• **Exercise prompt**: Starting at the line with "A A' \<longleftrightarrow>" and going on through the line with "rel_comp (conv (\<phi>", reproduce each line in the records below exactly and nothing more.
-- Opening Marker --
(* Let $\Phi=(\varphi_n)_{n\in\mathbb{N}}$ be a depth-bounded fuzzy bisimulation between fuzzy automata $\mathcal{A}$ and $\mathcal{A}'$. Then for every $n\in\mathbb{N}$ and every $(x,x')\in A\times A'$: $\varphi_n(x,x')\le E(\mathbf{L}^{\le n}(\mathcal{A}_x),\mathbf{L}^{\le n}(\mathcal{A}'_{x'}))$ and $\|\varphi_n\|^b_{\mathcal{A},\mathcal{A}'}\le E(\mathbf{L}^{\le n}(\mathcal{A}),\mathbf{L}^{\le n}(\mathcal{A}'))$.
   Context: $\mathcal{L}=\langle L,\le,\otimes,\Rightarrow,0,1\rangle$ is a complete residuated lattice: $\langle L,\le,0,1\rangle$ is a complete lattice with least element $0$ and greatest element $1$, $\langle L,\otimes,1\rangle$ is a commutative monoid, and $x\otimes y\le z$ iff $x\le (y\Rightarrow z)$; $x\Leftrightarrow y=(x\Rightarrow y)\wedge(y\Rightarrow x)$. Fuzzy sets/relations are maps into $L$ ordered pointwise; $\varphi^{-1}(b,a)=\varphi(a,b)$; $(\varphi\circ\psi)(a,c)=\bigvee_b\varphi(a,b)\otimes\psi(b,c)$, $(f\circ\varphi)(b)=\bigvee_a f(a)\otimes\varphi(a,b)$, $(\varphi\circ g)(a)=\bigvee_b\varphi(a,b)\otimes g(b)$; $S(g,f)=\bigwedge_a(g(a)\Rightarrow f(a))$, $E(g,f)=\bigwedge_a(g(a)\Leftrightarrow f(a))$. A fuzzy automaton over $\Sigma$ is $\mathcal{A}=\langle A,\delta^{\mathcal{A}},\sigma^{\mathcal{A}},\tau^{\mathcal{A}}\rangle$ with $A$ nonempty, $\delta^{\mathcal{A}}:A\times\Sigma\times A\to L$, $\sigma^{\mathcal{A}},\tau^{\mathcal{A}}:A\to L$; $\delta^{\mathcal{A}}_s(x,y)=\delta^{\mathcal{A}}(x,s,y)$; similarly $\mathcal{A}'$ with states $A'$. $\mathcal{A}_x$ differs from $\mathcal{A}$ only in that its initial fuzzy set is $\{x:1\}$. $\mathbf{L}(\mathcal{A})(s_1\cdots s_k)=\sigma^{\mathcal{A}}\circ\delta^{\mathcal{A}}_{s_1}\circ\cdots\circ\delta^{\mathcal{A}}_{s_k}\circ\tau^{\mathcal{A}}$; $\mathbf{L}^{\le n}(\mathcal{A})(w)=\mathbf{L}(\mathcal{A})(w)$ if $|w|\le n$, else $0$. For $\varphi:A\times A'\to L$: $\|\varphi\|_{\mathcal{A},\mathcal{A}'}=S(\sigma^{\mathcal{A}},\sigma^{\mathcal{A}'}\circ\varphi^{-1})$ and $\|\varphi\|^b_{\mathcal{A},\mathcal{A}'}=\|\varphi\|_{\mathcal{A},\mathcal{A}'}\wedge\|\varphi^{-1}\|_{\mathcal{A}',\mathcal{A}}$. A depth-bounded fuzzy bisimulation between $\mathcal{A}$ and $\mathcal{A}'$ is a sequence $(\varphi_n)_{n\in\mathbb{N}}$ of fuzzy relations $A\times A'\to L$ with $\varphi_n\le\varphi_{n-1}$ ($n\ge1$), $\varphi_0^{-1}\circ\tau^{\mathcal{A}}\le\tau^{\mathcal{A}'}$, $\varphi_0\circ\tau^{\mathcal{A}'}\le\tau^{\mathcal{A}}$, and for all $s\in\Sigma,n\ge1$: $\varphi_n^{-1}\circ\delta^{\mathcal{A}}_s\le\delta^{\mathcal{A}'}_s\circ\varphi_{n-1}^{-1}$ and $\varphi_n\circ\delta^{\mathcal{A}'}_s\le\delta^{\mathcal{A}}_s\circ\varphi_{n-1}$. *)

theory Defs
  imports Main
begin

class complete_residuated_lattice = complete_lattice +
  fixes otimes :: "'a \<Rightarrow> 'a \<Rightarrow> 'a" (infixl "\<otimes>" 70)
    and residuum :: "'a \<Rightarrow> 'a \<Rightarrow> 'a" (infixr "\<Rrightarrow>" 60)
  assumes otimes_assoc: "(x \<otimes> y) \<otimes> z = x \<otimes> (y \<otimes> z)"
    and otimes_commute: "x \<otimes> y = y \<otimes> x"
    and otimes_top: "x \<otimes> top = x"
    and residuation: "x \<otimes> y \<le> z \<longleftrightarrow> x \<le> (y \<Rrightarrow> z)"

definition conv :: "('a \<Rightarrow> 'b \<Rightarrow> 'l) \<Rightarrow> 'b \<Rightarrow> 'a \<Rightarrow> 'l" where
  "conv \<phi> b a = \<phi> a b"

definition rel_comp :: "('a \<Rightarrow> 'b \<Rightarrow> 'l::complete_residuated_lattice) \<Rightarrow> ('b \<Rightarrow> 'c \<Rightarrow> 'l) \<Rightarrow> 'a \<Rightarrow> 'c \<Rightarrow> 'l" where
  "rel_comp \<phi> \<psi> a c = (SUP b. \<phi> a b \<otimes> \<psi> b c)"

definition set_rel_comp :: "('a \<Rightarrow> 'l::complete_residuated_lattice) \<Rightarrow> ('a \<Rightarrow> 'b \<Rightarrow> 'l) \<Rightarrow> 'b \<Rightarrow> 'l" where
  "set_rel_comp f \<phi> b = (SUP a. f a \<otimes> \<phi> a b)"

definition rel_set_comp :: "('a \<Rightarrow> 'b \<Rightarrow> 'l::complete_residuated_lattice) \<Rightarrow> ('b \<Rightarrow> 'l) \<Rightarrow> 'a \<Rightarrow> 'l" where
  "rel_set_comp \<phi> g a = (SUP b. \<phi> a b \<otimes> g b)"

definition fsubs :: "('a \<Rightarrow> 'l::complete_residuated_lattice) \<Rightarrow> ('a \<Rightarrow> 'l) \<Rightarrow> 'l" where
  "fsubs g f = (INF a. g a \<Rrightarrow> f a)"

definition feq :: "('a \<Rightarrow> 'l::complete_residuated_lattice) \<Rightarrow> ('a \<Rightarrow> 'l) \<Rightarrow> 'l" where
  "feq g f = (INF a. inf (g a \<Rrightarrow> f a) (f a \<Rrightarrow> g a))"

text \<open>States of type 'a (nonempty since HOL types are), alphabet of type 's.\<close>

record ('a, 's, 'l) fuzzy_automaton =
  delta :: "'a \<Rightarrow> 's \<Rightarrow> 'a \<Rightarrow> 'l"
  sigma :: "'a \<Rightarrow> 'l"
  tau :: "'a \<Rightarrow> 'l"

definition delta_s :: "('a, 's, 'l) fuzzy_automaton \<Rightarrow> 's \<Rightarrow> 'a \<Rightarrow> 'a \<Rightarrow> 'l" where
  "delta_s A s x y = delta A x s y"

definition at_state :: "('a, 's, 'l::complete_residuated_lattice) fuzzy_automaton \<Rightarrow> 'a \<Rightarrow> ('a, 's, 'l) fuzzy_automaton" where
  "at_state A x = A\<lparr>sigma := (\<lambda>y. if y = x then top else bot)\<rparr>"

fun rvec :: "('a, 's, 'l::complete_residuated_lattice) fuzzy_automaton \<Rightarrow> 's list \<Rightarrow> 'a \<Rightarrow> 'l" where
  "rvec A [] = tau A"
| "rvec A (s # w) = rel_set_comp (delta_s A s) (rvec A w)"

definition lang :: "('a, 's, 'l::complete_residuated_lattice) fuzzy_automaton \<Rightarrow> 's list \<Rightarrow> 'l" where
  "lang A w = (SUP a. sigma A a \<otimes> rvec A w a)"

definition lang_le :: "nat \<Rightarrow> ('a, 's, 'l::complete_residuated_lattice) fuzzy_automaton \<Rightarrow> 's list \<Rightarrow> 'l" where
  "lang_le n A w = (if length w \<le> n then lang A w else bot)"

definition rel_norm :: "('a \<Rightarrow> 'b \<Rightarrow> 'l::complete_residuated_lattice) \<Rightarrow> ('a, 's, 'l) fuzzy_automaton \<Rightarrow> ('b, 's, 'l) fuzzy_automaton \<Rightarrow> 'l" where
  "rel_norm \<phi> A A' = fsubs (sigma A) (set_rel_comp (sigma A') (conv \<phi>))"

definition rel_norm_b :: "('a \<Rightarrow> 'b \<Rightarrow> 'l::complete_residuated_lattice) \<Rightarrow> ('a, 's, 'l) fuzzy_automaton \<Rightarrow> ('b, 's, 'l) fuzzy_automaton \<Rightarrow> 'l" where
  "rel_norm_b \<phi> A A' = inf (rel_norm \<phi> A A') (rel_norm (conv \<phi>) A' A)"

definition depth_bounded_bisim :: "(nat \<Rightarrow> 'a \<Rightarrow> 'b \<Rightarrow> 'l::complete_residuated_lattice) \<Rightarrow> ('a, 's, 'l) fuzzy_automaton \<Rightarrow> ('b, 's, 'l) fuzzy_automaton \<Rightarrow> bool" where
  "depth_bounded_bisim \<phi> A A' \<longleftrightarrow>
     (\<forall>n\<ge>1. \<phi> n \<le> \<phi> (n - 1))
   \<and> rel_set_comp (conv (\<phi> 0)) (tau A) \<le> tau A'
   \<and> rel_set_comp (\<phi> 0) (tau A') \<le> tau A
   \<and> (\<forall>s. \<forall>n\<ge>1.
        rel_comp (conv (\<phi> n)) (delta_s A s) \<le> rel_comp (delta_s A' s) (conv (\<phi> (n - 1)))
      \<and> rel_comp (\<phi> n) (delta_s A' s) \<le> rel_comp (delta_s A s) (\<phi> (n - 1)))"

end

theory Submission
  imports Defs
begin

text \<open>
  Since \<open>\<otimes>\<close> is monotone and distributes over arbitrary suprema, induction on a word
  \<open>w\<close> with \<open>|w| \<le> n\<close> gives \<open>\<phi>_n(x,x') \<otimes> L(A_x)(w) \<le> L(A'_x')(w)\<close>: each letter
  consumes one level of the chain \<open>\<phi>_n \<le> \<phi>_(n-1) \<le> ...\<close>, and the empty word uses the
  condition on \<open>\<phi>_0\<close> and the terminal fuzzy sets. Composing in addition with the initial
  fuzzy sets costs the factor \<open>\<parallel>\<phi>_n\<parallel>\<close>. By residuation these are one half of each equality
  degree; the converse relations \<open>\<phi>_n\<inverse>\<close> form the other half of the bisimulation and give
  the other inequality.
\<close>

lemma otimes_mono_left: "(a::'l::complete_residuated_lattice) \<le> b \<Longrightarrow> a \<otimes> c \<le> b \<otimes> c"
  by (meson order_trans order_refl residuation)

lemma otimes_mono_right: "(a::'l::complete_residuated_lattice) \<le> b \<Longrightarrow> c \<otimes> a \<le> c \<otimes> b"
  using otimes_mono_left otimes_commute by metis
-- Closing Marker --
• **Response**:
  "depth_bounded_bisim \<phi> A A' \<longleftrightarrow>
     (\<forall>n\<ge>1. \<phi> n \<le> \<phi> (n - 1))
   \<and> rel_set_comp (conv (\<phi> 0)) (tau A) \<le> tau A'
   \<and> rel_set_comp (\<phi> 0) (tau A') \<le> tau A
   \<and> (\<forall>s. \<forall>n\<ge>1.
        rel_comp (conv (\<phi> n)) (delta_s A s) \<le> rel_comp (delta_s A' s) (conv (\<phi> (n - 1)))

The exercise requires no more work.